*** PROVIDED DATA Section Begins ***

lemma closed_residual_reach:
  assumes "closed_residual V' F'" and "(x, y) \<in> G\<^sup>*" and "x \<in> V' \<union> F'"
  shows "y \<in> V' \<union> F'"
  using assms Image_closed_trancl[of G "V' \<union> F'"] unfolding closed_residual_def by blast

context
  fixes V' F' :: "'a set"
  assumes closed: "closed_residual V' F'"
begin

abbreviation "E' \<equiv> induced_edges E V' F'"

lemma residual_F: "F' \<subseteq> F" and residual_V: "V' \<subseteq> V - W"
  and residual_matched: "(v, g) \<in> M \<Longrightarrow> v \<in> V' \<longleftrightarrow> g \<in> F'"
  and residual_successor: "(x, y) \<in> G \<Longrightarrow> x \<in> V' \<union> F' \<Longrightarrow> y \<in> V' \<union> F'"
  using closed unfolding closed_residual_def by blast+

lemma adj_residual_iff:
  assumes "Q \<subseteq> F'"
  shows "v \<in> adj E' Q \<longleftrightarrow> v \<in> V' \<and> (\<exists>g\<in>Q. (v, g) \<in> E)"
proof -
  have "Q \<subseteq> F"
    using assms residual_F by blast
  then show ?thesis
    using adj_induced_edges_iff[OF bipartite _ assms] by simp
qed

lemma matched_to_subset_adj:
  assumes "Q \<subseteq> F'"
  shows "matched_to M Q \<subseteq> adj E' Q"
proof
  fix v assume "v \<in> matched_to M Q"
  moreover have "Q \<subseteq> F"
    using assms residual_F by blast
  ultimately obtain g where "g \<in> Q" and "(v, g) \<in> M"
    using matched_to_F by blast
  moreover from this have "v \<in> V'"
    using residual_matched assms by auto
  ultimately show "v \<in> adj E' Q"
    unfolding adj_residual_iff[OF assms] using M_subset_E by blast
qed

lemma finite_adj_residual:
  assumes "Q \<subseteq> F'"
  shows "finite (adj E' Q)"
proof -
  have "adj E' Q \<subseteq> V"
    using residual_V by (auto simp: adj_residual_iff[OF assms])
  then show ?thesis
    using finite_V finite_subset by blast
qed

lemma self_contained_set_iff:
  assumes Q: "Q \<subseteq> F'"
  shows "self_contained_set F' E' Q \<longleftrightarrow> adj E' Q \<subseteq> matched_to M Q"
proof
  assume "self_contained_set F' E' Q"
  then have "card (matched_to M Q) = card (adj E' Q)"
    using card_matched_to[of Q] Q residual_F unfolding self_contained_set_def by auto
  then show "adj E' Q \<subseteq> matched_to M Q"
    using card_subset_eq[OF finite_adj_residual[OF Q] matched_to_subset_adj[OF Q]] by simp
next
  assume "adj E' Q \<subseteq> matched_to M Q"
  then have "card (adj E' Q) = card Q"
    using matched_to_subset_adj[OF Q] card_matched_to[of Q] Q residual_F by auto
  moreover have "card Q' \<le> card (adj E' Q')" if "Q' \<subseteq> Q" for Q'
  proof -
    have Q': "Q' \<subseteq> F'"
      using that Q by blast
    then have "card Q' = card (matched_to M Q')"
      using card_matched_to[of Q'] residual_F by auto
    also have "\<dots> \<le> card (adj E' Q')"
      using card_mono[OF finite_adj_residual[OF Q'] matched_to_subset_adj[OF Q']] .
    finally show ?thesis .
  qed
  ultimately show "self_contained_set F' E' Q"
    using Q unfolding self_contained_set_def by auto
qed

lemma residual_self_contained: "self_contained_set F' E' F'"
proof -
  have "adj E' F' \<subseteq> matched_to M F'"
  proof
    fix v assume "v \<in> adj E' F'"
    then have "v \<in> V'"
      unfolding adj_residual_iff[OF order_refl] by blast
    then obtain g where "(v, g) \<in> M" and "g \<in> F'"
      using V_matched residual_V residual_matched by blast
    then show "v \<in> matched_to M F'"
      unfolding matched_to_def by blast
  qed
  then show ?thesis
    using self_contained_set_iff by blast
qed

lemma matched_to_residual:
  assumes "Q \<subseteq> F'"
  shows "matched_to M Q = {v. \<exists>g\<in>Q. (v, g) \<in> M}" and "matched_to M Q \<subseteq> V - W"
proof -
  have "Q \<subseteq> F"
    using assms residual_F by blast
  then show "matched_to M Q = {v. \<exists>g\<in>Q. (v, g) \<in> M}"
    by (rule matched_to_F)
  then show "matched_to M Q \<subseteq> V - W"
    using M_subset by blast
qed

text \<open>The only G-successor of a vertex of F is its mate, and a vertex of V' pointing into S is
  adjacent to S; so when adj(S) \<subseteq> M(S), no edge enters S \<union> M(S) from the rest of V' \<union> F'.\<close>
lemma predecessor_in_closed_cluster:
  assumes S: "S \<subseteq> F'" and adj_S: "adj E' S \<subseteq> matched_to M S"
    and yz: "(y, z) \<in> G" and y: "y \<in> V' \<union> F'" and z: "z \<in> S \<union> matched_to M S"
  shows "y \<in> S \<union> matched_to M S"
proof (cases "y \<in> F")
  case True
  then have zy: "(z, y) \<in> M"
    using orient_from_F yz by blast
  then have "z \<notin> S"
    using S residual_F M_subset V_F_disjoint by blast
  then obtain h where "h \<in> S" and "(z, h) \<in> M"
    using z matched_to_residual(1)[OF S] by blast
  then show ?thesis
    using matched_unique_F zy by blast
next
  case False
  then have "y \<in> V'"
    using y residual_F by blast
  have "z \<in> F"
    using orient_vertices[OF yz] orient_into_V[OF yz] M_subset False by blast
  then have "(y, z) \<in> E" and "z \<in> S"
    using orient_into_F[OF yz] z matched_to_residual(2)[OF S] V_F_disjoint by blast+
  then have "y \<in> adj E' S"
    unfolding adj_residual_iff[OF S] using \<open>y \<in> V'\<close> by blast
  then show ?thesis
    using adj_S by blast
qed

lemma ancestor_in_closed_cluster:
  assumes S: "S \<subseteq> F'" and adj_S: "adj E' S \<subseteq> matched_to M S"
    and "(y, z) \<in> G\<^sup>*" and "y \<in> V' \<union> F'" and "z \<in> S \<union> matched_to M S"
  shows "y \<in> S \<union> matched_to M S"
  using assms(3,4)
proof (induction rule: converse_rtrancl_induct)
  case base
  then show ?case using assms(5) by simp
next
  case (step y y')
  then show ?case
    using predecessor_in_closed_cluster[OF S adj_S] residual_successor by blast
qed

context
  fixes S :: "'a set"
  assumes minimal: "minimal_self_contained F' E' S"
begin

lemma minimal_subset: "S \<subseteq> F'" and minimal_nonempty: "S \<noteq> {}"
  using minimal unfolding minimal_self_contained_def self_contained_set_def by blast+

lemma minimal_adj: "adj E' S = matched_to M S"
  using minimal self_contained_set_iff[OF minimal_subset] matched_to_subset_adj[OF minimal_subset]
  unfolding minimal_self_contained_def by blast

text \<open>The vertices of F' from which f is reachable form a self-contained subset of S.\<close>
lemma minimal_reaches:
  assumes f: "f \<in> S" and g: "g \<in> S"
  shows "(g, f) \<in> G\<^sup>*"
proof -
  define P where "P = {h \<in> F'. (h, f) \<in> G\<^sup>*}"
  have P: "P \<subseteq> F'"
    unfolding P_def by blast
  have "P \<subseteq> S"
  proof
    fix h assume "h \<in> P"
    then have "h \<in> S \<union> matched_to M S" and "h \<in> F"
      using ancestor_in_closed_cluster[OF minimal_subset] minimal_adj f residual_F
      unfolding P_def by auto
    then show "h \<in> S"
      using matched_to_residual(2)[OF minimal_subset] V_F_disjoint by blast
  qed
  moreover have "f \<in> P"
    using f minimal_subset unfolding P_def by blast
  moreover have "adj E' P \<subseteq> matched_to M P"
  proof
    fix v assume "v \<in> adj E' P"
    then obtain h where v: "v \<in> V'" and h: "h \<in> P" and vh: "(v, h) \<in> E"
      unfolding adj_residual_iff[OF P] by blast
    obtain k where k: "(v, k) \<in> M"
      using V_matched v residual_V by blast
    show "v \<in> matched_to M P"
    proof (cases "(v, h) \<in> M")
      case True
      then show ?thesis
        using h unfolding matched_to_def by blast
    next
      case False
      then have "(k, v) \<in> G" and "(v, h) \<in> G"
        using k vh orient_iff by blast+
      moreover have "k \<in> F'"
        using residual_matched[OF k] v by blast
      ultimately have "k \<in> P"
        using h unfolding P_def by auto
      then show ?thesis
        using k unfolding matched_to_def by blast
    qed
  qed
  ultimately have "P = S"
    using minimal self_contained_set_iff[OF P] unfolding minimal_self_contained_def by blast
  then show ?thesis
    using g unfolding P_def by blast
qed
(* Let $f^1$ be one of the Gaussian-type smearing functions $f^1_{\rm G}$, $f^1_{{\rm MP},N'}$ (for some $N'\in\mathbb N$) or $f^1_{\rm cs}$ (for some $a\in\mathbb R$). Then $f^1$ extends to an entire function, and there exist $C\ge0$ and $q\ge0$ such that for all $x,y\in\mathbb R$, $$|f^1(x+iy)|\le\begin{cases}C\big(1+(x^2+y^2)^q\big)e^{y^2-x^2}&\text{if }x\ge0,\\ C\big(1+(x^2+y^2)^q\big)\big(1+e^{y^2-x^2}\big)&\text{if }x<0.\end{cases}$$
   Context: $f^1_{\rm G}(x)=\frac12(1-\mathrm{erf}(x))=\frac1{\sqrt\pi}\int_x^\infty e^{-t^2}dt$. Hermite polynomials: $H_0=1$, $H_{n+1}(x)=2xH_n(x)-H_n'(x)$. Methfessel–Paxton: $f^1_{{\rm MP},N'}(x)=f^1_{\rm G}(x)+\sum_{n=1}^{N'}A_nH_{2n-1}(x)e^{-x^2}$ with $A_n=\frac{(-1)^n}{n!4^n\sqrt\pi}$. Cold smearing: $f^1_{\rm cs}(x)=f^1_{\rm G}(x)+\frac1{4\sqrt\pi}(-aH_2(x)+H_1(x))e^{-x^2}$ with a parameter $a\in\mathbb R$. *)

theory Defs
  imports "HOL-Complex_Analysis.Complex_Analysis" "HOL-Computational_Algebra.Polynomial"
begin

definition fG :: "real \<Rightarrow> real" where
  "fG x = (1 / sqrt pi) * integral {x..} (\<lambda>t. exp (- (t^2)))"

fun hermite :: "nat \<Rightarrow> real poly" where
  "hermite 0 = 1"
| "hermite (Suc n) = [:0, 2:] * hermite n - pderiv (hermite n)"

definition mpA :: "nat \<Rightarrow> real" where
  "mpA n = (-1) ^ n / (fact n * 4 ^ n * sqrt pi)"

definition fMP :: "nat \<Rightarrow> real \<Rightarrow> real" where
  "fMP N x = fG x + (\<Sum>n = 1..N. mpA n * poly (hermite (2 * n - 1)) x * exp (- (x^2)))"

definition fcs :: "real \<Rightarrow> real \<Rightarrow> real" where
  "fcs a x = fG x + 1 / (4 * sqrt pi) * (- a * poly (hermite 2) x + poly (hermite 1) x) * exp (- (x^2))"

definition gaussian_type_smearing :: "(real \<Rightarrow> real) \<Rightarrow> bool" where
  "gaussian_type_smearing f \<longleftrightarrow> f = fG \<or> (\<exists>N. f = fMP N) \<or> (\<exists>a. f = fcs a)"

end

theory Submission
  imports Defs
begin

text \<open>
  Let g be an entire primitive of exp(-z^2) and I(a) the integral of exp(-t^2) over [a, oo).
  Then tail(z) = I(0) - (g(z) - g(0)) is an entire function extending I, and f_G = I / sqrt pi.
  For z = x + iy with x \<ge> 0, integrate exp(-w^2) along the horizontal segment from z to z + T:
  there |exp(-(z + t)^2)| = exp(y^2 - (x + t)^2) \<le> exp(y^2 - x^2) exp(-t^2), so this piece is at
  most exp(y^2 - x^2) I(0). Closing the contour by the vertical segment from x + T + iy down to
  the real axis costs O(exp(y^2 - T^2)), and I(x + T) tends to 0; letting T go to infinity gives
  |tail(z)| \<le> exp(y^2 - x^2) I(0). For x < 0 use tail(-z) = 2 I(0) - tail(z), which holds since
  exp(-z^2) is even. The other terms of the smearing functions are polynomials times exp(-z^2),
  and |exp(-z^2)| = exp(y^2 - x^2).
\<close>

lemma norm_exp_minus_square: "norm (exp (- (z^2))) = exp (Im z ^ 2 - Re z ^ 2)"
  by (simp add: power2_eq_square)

*** PROVIDED DATA Section Ends ***

## HOW TO COMPLETE THIS TASK
Which lines of the data contain the word "moreover"? Copy each one.

## EXPECTED ANSWER
  moreover have "Q \<subseteq> F"
  moreover from this have "v \<in> V'"
  moreover have "card Q' \<le> card (adj E' Q')" if "Q' \<subseteq> Q" for Q'
  moreover have "f \<in> P"
  moreover have "adj E' P \<subseteq> matched_to M P"
      moreover have "k \<in> F'"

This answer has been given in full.